(Data for analysis)

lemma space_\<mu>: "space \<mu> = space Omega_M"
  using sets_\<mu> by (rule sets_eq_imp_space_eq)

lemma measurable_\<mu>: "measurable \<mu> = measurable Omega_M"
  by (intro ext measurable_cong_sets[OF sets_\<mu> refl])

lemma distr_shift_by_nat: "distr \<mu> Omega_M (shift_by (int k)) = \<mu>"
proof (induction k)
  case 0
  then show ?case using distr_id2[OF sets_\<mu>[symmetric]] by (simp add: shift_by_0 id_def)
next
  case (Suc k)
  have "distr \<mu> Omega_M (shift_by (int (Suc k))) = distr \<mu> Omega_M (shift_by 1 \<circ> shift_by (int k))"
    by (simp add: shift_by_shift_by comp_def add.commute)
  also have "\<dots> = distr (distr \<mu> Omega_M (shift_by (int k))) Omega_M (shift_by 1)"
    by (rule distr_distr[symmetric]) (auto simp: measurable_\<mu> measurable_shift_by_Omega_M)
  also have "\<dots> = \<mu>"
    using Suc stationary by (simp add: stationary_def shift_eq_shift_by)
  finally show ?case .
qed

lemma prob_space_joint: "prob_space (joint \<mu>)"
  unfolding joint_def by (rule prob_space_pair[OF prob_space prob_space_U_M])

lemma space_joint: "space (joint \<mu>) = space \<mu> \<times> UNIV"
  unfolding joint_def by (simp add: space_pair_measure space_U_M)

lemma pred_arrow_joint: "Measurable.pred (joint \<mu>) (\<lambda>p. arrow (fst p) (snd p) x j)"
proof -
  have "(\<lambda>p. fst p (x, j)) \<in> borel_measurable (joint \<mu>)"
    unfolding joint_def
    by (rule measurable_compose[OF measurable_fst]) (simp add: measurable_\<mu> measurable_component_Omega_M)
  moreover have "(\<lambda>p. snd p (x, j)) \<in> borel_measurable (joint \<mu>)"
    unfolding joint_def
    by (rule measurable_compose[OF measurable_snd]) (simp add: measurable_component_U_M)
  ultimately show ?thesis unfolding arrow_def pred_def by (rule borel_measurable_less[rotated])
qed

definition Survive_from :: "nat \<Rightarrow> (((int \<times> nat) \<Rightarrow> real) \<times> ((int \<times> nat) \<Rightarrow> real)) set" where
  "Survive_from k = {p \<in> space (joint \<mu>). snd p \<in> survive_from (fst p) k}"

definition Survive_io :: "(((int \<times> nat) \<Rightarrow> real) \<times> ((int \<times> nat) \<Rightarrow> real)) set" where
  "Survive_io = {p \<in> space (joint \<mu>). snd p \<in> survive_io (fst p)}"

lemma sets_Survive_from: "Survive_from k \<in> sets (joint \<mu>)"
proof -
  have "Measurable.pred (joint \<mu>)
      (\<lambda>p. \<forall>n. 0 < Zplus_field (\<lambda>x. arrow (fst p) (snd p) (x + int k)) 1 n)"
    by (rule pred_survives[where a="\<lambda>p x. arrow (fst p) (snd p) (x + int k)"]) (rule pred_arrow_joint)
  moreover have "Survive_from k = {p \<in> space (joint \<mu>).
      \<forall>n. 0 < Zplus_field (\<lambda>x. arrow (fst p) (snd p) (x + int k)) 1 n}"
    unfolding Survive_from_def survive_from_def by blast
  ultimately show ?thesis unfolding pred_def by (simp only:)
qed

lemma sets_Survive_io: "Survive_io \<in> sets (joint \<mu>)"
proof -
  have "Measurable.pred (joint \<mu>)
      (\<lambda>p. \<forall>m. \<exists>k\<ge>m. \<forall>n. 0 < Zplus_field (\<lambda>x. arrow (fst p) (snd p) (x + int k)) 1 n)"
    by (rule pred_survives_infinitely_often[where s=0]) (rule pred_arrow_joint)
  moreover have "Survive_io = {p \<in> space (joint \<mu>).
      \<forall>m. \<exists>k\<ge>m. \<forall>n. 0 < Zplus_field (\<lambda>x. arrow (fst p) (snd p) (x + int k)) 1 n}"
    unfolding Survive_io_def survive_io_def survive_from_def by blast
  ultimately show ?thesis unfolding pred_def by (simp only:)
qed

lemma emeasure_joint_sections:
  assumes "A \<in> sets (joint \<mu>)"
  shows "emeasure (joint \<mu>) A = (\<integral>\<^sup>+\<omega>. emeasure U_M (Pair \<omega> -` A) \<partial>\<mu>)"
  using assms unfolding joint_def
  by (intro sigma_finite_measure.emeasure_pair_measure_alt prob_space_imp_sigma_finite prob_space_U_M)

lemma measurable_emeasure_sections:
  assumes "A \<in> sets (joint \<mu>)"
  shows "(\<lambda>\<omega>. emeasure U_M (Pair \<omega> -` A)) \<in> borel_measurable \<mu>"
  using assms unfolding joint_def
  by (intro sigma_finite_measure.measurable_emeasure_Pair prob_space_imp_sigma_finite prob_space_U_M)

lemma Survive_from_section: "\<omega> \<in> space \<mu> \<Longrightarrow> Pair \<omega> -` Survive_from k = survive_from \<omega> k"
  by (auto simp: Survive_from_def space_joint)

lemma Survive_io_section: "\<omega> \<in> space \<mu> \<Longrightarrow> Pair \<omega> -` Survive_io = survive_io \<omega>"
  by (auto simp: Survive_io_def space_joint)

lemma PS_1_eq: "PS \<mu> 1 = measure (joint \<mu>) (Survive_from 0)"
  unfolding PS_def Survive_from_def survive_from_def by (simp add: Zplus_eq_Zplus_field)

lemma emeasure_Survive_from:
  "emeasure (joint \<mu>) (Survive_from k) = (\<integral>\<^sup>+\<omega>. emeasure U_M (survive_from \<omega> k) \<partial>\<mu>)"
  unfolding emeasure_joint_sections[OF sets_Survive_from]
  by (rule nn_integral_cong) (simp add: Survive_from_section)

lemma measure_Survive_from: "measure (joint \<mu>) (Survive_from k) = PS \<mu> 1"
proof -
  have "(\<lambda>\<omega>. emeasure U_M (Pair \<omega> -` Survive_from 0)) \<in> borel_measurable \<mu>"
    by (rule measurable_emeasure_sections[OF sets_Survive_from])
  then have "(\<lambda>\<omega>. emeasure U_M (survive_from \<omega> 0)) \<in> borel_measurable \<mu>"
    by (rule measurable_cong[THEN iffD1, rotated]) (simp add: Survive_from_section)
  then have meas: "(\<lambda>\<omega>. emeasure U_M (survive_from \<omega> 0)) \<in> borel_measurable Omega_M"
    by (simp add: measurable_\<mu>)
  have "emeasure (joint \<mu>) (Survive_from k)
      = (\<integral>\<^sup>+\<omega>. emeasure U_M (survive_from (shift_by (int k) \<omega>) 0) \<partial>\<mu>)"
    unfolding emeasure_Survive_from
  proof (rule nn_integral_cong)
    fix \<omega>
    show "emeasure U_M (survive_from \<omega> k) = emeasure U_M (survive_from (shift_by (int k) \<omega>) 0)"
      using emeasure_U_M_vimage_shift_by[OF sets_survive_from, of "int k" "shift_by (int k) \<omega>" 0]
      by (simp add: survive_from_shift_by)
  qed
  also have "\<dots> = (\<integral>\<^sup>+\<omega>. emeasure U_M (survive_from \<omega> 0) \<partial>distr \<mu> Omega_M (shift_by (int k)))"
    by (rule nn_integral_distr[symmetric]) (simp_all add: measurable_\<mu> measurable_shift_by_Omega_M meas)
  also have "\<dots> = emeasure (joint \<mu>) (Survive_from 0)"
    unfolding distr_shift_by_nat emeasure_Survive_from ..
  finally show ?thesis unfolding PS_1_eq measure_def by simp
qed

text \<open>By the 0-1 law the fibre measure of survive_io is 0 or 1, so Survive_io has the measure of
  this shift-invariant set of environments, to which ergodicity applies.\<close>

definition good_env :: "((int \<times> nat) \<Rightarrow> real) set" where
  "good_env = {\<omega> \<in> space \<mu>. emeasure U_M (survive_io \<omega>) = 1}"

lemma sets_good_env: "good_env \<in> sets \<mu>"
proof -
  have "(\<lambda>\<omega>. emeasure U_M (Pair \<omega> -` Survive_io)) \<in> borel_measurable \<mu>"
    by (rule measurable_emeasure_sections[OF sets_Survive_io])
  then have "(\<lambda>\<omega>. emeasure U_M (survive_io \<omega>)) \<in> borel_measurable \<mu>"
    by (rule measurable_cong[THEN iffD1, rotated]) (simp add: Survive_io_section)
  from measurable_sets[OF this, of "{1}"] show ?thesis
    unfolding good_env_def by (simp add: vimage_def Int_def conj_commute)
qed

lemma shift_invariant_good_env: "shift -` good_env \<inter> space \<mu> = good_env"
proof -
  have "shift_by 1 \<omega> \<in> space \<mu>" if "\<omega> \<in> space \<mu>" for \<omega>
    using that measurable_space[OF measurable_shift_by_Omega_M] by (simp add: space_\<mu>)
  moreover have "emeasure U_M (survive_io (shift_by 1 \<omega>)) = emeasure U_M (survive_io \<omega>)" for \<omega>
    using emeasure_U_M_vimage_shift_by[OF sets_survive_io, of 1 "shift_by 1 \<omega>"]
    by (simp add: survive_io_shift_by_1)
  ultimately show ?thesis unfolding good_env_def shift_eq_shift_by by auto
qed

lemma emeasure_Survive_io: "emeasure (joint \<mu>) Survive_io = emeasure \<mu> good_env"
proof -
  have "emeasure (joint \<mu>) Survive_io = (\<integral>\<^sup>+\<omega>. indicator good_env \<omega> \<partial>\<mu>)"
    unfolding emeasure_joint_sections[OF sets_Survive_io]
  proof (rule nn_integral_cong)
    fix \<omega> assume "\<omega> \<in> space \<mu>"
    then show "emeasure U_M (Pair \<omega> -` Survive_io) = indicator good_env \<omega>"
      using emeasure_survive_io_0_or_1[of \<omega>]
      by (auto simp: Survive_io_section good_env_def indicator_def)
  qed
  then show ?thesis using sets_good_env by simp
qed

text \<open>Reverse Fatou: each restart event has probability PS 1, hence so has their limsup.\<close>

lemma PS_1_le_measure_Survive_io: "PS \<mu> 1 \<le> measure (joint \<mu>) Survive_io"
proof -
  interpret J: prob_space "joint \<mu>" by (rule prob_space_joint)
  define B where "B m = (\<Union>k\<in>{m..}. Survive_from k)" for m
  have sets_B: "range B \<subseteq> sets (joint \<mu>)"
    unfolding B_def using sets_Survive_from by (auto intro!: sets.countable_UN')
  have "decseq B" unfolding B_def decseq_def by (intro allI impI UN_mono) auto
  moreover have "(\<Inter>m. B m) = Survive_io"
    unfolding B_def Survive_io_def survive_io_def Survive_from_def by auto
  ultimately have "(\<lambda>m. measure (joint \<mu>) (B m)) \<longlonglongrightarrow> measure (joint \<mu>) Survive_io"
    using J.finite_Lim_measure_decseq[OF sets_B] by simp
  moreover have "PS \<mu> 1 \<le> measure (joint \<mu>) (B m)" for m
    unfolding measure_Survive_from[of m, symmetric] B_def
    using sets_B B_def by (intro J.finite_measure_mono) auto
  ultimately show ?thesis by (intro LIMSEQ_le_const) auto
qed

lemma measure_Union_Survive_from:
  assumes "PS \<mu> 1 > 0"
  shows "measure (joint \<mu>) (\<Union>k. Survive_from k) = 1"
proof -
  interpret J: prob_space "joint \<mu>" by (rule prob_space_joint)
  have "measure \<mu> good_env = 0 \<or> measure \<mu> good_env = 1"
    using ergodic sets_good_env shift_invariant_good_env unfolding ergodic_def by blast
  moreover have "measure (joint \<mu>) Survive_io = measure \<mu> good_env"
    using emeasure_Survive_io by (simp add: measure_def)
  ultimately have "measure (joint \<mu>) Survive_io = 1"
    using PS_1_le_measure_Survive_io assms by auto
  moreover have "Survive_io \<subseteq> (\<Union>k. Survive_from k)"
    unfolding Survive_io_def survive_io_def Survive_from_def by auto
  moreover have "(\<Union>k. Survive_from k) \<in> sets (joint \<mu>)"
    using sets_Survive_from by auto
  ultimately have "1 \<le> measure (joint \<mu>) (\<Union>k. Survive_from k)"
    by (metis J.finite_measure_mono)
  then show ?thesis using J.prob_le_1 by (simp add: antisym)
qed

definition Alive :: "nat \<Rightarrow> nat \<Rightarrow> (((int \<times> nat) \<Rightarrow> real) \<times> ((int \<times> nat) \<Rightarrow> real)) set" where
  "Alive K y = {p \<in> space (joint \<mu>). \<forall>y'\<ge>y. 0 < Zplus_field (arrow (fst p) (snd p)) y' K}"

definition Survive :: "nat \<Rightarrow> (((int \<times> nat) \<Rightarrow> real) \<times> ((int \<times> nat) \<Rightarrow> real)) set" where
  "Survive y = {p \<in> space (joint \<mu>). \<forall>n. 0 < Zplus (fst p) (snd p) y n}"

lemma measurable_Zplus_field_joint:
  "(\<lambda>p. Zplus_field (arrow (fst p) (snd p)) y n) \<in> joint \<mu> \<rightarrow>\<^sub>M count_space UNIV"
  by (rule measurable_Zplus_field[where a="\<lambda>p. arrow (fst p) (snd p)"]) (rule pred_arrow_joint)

(End Data for analysis)

Lines with the word "finally": tally them across the material and give only the total.

2